** GIVEN DATA follows **

(* Let $f:\mathbb R^n\to\mathbb R\cup\{+\infty\}$, $g:\mathbb R^m\to\mathbb R\cup\{+\infty\}$, $h:\mathbb R^n\to\mathbb R\cup\{+\infty\}$ be closed convex functions, where $h$ is differentiable on its domain $\operatorname{dom} h$, which is an open convex set, and $f+h$ and $g$ are proper. Let $A\in\mathbb R^{m\times n}$. Let $X\subseteq\mathbb R^n$ and $Z\subseteq\mathbb R^m$ be compact convex sets, and suppose the primal problem $\text{minimize } f(x)+g(Ax)+h(x)$ has an optimal solution $x^\star\in\operatorname{int}(X)$ and the dual problem $\text{maximize } -(f+h)^*(-A^Tz)-g^*(z)$ has an optimal solution $z^\star\in\operatorname{int}(Z)$. Define, for $x\in\operatorname{dom}(f+h)$ and $z\in\operatorname{dom} g^*$, \[\eta(x,z)=\sup_{z'\in Z}\mathcal L(x,z')-\inf_{x'\in X}\mathcal L(x',z).\] Then $\eta(x,z)\ge 0$ for all $x\in\operatorname{dom}(f+h)$ and $z\in\operatorname{dom} g^*$, and $\eta(x,z)=0$ only if $x$ is optimal for the primal problem and $z$ is optimal for the dual problem.
   Context: $g^*$ and $(f+h)^*$ denote convex conjugates. The Lagrangian is $\mathcal L(x,z)=f(x)+h(x)+\langle z,Ax\rangle-g^*(z)$, with the convention $\mathcal L(x,z)=+\infty$ if $x\notin\operatorname{dom}(f+h)$ and $\mathcal L(x,z)=-\infty$ if $x\in\operatorname{dom}(f+h)$ and $z\notin\operatorname{dom} g^*$. It is a standing assumption that the primal--dual optimality conditions $0\in\partial f(x)+\nabla h(x)+A^Tz$, $0\in\partial g^*(z)-Ax$ have a solution. *)

theory Defs
  imports "HOL-Analysis.Analysis"
begin

definition edom :: "('a \<Rightarrow> ereal) \<Rightarrow> 'a set" where
  "edom F = {x. F x < \<infinity>}"

definition epigraph :: "('a \<Rightarrow> ereal) \<Rightarrow> ('a \<times> real) set" where
  "epigraph F = {(x, r). F x \<le> ereal r}"

definition convex_fun :: "('a::real_vector \<Rightarrow> ereal) \<Rightarrow> bool" where
  "convex_fun F \<longleftrightarrow> convex (epigraph F)"

definition closed_fun :: "('a::topological_space \<Rightarrow> ereal) \<Rightarrow> bool" where
  "closed_fun F \<longleftrightarrow> closed (epigraph F)"

definition proper_fun :: "('a \<Rightarrow> ereal) \<Rightarrow> bool" where
  "proper_fun F \<longleftrightarrow> (\<forall>x. F x \<noteq> -\<infinity>) \<and> (\<exists>x. F x < \<infinity>)"

definition conj_fun :: "('a::real_inner \<Rightarrow> ereal) \<Rightarrow> 'a \<Rightarrow> ereal" where
  "conj_fun F y = (SUP x. ereal (y \<bullet> x) - F x)"

definition subdiff :: "('a::real_inner \<Rightarrow> ereal) \<Rightarrow> 'a \<Rightarrow> 'a set" where
  "subdiff F x = {v. \<bar>F x\<bar> \<noteq> \<infinity> \<and> (\<forall>y. F x + ereal (v \<bullet> (y - x)) \<le> F y)}"

definition lagrangian ::
  "(real^'n \<Rightarrow> ereal) \<Rightarrow> (real^'m \<Rightarrow> ereal) \<Rightarrow> (real^'n \<Rightarrow> ereal) \<Rightarrow> real^'n^'m
     \<Rightarrow> real^'n \<Rightarrow> real^'m \<Rightarrow> ereal" where
  "lagrangian f g h A x z =
     (if x \<notin> edom (\<lambda>y. f y + h y) then \<infinity>
      else if z \<notin> edom (conj_fun g) then -\<infinity>
      else f x + h x + ereal (z \<bullet> (A *v x)) - conj_fun g z)"

definition primal_obj ::
  "(real^'n \<Rightarrow> ereal) \<Rightarrow> (real^'m \<Rightarrow> ereal) \<Rightarrow> (real^'n \<Rightarrow> ereal) \<Rightarrow> real^'n^'m
     \<Rightarrow> real^'n \<Rightarrow> ereal" where
  "primal_obj f g h A x = f x + g (A *v x) + h x"

definition dual_obj ::
  "(real^'n \<Rightarrow> ereal) \<Rightarrow> (real^'m \<Rightarrow> ereal) \<Rightarrow> (real^'n \<Rightarrow> ereal) \<Rightarrow> real^'n^'m
     \<Rightarrow> real^'m \<Rightarrow> ereal" where
  "dual_obj f g h A z =
     - conj_fun (\<lambda>y. f y + h y) (- (transpose A *v z)) - conj_fun g z"

definition primal_optimal where
  "primal_optimal f g h A x \<longleftrightarrow>
     primal_obj f g h A x < \<infinity> \<and> (\<forall>y. primal_obj f g h A x \<le> primal_obj f g h A y)"

definition dual_optimal where
  "dual_optimal f g h A z \<longleftrightarrow>
     dual_obj f g h A z > -\<infinity> \<and> (\<forall>w. dual_obj f g h A w \<le> dual_obj f g h A z)"

definition gap_eta where
  "gap_eta f g h A X Z x z =
     (SUP z'\<in>Z. lagrangian f g h A x z') - (INF x'\<in>X. lagrangian f g h A x' z)"

end

theory Submission
  imports Defs
begin

text \<open>
  By the conventions on infinite values, the Lagrangian is
  \<open>L x z = (f + h) x + z \<bullet> A x - g\<^sup>* z\<close> in the arithmetic of \<open>ereal\<close>, where \<open>\<infinity> - \<infinity> = \<infinity>\<close>.
  The Fenchel--Moreau theorem \<open>g\<^sup>*\<^sup>* = g\<close> turns the primal objective into \<open>SUP z. L x z\<close>,
  and the definition of \<open>(f + h)\<^sup>*\<close> turns the dual objective into \<open>INF x. L x z\<close>. The KKT point
  is a saddle point of \<open>L\<close>, so strong duality holds, and for all \<open>x\<close>, \<open>z\<close>
  \<open>SUP z'\<in>Z. L x z' \<ge> L x z\<^sup>\<star> \<ge> dual z\<^sup>\<star> \<ge> primal x\<^sup>\<star> \<ge> L x\<^sup>\<star> z \<ge> INF x'\<in>X. L x' z\<close>.
  If the gap vanishes the chain collapses: \<open>z\<^sup>\<star>\<close> maximises the concave function \<open>L x\<close> on the
  neighbourhood \<open>Z\<close> of \<open>z\<^sup>\<star>\<close>, hence everywhere, so \<open>primal x = L x z\<^sup>\<star> = primal x\<^sup>\<star>\<close>;
  symmetrically for \<open>z\<close>.
\<close>

section \<open>Convex extended-real functions\<close>

lemma convex_funD:
  assumes "convex_fun F" "F u \<le> ereal p" "F v \<le> ereal q" "0 \<le> t" "t \<le> 1"
  shows "F ((1 - t) *\<^sub>R u + t *\<^sub>R v) \<le> ereal ((1 - t) * p + t * q)"
proof -
  have "(u, p) \<in> epigraph F" "(v, q) \<in> epigraph F"
    using assms(2,3) by (auto simp: epigraph_def)
  then have "(1 - t) *\<^sub>R (u, p) + t *\<^sub>R (v, q) \<in> epigraph F"
    using assms(1,4,5) unfolding convex_fun_def convex_alt by blast
  then show ?thesis by (simp add: epigraph_def)
qed

lemma convex_funI:
  assumes "\<And>u v p q t. F u \<le> ereal p \<Longrightarrow> F v \<le> ereal q \<Longrightarrow> 0 \<le> t \<Longrightarrow> t \<le> 1 \<Longrightarrow>
             F ((1 - t) *\<^sub>R u + t *\<^sub>R v) \<le> ereal ((1 - t) * p + t * q)"
  shows "convex_fun F"
  using assms by (auto simp: convex_fun_def convex_alt epigraph_def)

lemma ereal_add_le_realE:
  fixes a b :: ereal
  assumes "a + b \<le> ereal p"
  obtains r s where "a \<le> ereal r" "b \<le> ereal s" "r + s = p"
proof -
  have "a \<noteq> \<infinity>" "b \<noteq> \<infinity>" using assms by auto
  then show thesis
    using assms that[of "real_of_ereal a" "p - real_of_ereal a"]
      that[of "p - real_of_ereal b" "real_of_ereal b"]
    by (cases a; cases b) auto
qed

lemma convex_fun_add:
  assumes "convex_fun f" "convex_fun g"
  shows "convex_fun (\<lambda>x. f x + g x)"
proof (rule convex_funI)
  fix u v p q and t :: real
  assume u: "f u + g u \<le> ereal p" and v: "f v + g v \<le> ereal q" and t: "0 \<le> t" "t \<le> 1"
  obtain p1 p2 where p: "f u \<le> ereal p1" "g u \<le> ereal p2" "p1 + p2 = p"
    using u by (rule ereal_add_le_realE)
  obtain q1 q2 where q: "f v \<le> ereal q1" "g v \<le> ereal q2" "q1 + q2 = q"
    using v by (rule ereal_add_le_realE)
  have "f ((1 - t) *\<^sub>R u + t *\<^sub>R v) + g ((1 - t) *\<^sub>R u + t *\<^sub>R v)
      \<le> ereal ((1 - t) * p1 + t * q1) + ereal ((1 - t) * p2 + t * q2)"
    using p q t by (intro add_mono convex_funD[OF assms(1)] convex_funD[OF assms(2)])
  also have "\<dots> = ereal ((1 - t) * p + t * q)"
    unfolding p(3)[symmetric] q(3)[symmetric] by (simp add: algebra_simps)
  finally show "f ((1 - t) *\<^sub>R u + t *\<^sub>R v) + g ((1 - t) *\<^sub>R u + t *\<^sub>R v)
      \<le> ereal ((1 - t) * p + t * q)" .
qed

lemma convex_fun_affine: "convex_fun (\<lambda>x. ereal (a \<bullet> x) + c)"
proof (rule convex_funI)
  fix u v p q and t :: real
  assume u: "ereal (a \<bullet> u) + c \<le> ereal p" and v: "ereal (a \<bullet> v) + c \<le> ereal q"
    and t: "0 \<le> t" "t \<le> 1"
  show "ereal (a \<bullet> ((1 - t) *\<^sub>R u + t *\<^sub>R v)) + c \<le> ereal ((1 - t) * p + t * q)"
  proof (cases c)
    case (real r)
    have "(1 - t) * (a \<bullet> u + r) + t * (a \<bullet> v + r) \<le> (1 - t) * p + t * q"
      using u v t real by (intro add_mono mult_left_mono) auto
    then show ?thesis using real by (simp add: inner_add_right algebra_simps)
  qed (use u in auto)
qed

lemma convex_fun_SUP:
  assumes "\<And>i. i \<in> I \<Longrightarrow> convex_fun (F i)"
  shows "convex_fun (\<lambda>x. SUP i\<in>I. F i x)"
proof -
  have "epigraph (\<lambda>x. SUP i\<in>I. F i x) = (\<Inter>i\<in>I. epigraph (F i))"
    by (auto simp: epigraph_def SUP_le_iff)
  then show ?thesis
    using assms by (auto simp: convex_fun_def intro: convex_INT)
qed

lemma interior_imp_segment_pointE:
  fixes p y :: "'a::real_normed_vector"
  assumes "p \<in> interior X"
  obtains t where "0 < t" "t \<le> 1" "(1 - t) *\<^sub>R p + t *\<^sub>R y \<in> X"
proof -
  obtain e where e: "e > 0" "ball p e \<subseteq> X"
    using assms by (meson mem_interior)
  define t where "t = min 1 (e / (norm (y - p) + 1))"
  have pos: "norm (y - p) + 1 > 0" using norm_ge_zero[of "y - p"] by linarith
  then have t: "0 < t" "t \<le> 1" using e by (auto simp: t_def)
  have "t * norm (y - p) \<le> e / (norm (y - p) + 1) * norm (y - p)"
    by (intro mult_right_mono) (auto simp: t_def)
  also have "\<dots> < e" using e pos by (simp add: field_simps)
  finally have "dist p ((1 - t) *\<^sub>R p + t *\<^sub>R y) < e"
    using t by (simp add: dist_norm algebra_simps norm_minus_commute flip: scaleR_diff_right)
  then show thesis using e t that by auto
qed

lemma convex_fun_interior_min_imp_min:
  fixes \<phi> :: "'a::real_normed_vector \<Rightarrow> ereal"
  assumes conv: "convex_fun \<phi>" and p: "p \<in> interior X" "\<phi> p < \<infinity>"
    and min: "\<And>u. u \<in> X \<Longrightarrow> \<phi> p \<le> \<phi> u"
  shows "\<phi> p \<le> \<phi> y"
proof (rule ereal_le_real)
  fix b assume b: "\<phi> y \<le> ereal b"
  show "\<phi> p \<le> ereal b"
  proof (cases "\<phi> p")
    case (real a)
    obtain t where t: "0 < t" "t \<le> 1" "(1 - t) *\<^sub>R p + t *\<^sub>R y \<in> X"
      using p(1) by (rule interior_imp_segment_pointE)
    have "ereal a \<le> \<phi> ((1 - t) *\<^sub>R p + t *\<^sub>R y)"
      using min[OF t(3)] real by simp
    also have "\<dots> \<le> ereal ((1 - t) * a + t * b)"
      using real b t by (intro convex_funD[OF conv]) auto
    finally have "t * a \<le> t * b" by (simp add: algebra_simps)
    then show ?thesis using real t by simp
  qed (use p(2) in auto)
qed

** End of GIVEN DATA **

TASK DESCRIPTION: One stretch of the lines above is wanted, from the line that contains "The Fenchel--Moreau theorem" through the line that contains "If the gap vanishes". Output it exactly.

ANSWER TO THIS EXERCISE:
  The Fenchel--Moreau theorem \<open>g\<^sup>*\<^sup>* = g\<close> turns the primal objective into \<open>SUP z. L x z\<close>,
  and the definition of \<open>(f + h)\<^sup>*\<close> turns the dual objective into \<open>INF x. L x z\<close>. The KKT point
  is a saddle point of \<open>L\<close>, so strong duality holds, and for all \<open>x\<close>, \<open>z\<close>
  \<open>SUP z'\<in>Z. L x z' \<ge> L x z\<^sup>\<star> \<ge> dual z\<^sup>\<star> \<ge> primal x\<^sup>\<star> \<ge> L x\<^sup>\<star> z \<ge> INF x'\<in>X. L x' z\<close>.
  If the gap vanishes the chain collapses: \<open>z\<^sup>\<star>\<close> maximises the concave function \<open>L x\<close> on the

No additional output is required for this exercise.